> **Exercise directions**: Set out the listing word for word. End with the line that contains "assms(2) by (simp add: e'_def)".
---- Dataset records
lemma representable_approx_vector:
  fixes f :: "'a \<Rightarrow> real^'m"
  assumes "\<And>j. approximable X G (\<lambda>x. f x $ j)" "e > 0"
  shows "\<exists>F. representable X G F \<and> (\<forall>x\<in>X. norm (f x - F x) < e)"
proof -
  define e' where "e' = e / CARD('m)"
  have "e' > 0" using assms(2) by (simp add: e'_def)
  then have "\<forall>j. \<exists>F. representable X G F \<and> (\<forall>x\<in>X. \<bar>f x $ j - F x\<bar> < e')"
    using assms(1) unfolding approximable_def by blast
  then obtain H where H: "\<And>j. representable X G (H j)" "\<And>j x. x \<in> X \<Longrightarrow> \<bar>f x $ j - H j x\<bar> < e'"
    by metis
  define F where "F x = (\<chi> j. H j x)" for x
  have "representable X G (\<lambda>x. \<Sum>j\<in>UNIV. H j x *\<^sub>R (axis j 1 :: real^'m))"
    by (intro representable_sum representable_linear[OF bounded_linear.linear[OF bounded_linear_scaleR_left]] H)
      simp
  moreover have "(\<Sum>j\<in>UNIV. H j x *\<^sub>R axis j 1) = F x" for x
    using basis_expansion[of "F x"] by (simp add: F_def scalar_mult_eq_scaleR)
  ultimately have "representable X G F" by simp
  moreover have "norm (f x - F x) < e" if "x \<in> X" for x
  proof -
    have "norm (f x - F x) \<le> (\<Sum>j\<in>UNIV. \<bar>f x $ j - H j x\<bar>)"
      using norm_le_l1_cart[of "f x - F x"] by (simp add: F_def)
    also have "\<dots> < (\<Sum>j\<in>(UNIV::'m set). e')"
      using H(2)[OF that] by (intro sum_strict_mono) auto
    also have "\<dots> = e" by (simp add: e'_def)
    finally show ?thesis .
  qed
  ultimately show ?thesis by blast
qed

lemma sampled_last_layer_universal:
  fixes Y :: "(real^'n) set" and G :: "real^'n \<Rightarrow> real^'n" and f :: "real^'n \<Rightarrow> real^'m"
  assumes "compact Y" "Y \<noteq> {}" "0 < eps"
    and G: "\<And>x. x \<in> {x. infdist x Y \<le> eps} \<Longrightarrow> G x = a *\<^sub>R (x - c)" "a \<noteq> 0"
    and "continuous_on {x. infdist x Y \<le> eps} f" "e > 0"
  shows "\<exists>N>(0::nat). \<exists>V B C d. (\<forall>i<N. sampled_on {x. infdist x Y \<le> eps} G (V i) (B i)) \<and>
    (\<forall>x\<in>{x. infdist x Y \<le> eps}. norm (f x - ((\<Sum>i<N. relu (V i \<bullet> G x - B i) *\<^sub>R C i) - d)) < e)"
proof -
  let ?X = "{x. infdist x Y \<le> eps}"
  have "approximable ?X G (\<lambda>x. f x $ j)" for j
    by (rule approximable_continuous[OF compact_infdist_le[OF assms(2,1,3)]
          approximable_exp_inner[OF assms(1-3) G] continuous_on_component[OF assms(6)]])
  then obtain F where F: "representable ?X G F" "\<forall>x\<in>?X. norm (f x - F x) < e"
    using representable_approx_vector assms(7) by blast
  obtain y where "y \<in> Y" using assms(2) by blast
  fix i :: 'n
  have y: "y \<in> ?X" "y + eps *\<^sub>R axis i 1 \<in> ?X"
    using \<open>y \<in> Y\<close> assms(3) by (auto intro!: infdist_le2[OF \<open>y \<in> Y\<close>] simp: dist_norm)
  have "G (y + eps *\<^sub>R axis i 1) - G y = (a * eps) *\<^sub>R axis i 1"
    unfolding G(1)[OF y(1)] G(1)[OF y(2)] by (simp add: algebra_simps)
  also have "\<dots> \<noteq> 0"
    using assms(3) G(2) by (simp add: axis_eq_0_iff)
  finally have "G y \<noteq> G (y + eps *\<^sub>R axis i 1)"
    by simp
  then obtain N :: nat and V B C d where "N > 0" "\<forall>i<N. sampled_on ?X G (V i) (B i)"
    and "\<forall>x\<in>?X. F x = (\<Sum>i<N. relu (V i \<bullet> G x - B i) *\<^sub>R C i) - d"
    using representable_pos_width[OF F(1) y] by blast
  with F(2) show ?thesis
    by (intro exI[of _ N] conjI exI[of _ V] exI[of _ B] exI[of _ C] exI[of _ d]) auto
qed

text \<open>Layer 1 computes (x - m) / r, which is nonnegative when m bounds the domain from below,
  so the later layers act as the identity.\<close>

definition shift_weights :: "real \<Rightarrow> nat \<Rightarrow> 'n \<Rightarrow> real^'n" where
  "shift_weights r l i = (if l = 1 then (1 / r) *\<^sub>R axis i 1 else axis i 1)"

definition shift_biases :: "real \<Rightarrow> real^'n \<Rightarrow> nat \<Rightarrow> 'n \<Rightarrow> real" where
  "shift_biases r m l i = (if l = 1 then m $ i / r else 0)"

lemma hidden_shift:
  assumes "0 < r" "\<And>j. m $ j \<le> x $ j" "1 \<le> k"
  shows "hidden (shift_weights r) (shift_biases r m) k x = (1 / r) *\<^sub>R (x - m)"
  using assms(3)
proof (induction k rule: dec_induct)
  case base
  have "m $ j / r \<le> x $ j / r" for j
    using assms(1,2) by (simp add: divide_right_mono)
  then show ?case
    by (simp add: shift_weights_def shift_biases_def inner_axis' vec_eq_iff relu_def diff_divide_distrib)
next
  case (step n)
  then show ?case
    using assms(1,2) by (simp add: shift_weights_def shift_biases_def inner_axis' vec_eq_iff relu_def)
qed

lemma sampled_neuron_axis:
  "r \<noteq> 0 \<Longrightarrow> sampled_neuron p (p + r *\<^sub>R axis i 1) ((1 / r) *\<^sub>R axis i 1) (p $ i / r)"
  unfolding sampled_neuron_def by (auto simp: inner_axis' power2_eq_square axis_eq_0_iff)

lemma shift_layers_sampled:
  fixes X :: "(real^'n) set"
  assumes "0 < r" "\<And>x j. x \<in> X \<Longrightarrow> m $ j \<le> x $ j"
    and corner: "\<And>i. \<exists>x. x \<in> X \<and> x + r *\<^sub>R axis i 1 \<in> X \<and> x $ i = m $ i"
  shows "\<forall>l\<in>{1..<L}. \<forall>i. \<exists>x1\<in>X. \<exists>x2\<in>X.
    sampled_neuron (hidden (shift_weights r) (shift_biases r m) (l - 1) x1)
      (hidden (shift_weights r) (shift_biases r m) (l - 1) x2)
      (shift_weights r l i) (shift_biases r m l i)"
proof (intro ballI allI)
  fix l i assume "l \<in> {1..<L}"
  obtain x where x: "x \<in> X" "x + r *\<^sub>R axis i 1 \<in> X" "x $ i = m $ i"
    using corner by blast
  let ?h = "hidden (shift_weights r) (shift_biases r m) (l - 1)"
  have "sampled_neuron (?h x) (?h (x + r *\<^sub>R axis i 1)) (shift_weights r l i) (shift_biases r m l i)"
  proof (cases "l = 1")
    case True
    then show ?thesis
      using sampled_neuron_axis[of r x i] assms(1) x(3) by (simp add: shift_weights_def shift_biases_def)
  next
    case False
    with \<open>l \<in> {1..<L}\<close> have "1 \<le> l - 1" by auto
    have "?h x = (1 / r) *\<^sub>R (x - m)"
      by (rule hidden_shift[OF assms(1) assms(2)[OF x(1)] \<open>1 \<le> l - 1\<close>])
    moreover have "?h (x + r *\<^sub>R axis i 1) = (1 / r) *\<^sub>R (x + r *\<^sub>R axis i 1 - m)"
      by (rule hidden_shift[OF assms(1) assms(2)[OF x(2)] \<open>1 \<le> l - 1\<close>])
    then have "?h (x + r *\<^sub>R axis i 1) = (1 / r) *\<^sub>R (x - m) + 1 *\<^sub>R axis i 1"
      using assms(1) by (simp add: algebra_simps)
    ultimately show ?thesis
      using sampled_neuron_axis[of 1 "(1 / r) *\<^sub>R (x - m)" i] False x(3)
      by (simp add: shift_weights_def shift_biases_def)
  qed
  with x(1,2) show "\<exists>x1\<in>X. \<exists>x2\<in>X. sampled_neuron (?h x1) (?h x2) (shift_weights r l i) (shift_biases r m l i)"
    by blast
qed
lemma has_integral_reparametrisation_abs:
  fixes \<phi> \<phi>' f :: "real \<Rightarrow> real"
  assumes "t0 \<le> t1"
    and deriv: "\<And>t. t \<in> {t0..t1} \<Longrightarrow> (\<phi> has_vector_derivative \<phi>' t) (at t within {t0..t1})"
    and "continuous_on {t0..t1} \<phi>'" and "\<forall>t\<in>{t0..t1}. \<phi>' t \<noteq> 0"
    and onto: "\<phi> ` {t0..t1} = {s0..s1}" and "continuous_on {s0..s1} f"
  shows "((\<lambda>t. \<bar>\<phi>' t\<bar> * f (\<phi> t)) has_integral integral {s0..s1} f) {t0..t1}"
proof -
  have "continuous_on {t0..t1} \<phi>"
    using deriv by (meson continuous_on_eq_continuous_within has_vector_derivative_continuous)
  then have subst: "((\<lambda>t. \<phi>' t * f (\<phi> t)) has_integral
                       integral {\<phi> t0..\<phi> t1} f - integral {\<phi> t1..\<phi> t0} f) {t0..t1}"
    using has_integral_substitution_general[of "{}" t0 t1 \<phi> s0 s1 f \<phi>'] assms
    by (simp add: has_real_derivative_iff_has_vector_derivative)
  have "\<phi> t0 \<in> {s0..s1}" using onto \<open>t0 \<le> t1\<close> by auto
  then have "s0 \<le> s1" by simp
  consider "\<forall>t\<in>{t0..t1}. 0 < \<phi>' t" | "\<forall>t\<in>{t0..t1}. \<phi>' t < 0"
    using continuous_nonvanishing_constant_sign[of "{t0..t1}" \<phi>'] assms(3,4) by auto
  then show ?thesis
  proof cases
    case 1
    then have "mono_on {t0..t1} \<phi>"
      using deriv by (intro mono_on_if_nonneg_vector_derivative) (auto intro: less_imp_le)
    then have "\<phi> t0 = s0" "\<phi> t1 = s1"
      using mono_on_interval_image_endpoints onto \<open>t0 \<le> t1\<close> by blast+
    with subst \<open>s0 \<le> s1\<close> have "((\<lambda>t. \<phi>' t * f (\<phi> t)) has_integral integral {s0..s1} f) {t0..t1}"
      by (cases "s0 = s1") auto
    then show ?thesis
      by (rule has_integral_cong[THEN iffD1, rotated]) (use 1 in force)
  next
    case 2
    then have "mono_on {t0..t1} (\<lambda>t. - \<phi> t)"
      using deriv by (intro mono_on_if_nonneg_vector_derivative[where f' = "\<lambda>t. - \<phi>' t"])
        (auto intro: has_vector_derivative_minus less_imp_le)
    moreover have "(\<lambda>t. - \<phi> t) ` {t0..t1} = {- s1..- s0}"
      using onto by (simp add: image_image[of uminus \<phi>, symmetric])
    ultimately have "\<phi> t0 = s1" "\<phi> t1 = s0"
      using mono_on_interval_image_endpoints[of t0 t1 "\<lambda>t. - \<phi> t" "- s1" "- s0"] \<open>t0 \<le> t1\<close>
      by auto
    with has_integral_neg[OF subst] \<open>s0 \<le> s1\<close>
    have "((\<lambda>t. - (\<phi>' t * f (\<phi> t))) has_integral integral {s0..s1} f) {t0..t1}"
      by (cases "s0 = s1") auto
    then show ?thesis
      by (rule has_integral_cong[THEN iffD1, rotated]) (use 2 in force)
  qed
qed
--------
> **Solution to this task**:
lemma representable_approx_vector:
  fixes f :: "'a \<Rightarrow> real^'m"
  assumes "\<And>j. approximable X G (\<lambda>x. f x $ j)" "e > 0"
  shows "\<exists>F. representable X G F \<and> (\<forall>x\<in>X. norm (f x - F x) < e)"
proof -
  define e' where "e' = e / CARD('m)"
  have "e' > 0" using assms(2) by (simp add: e'_def)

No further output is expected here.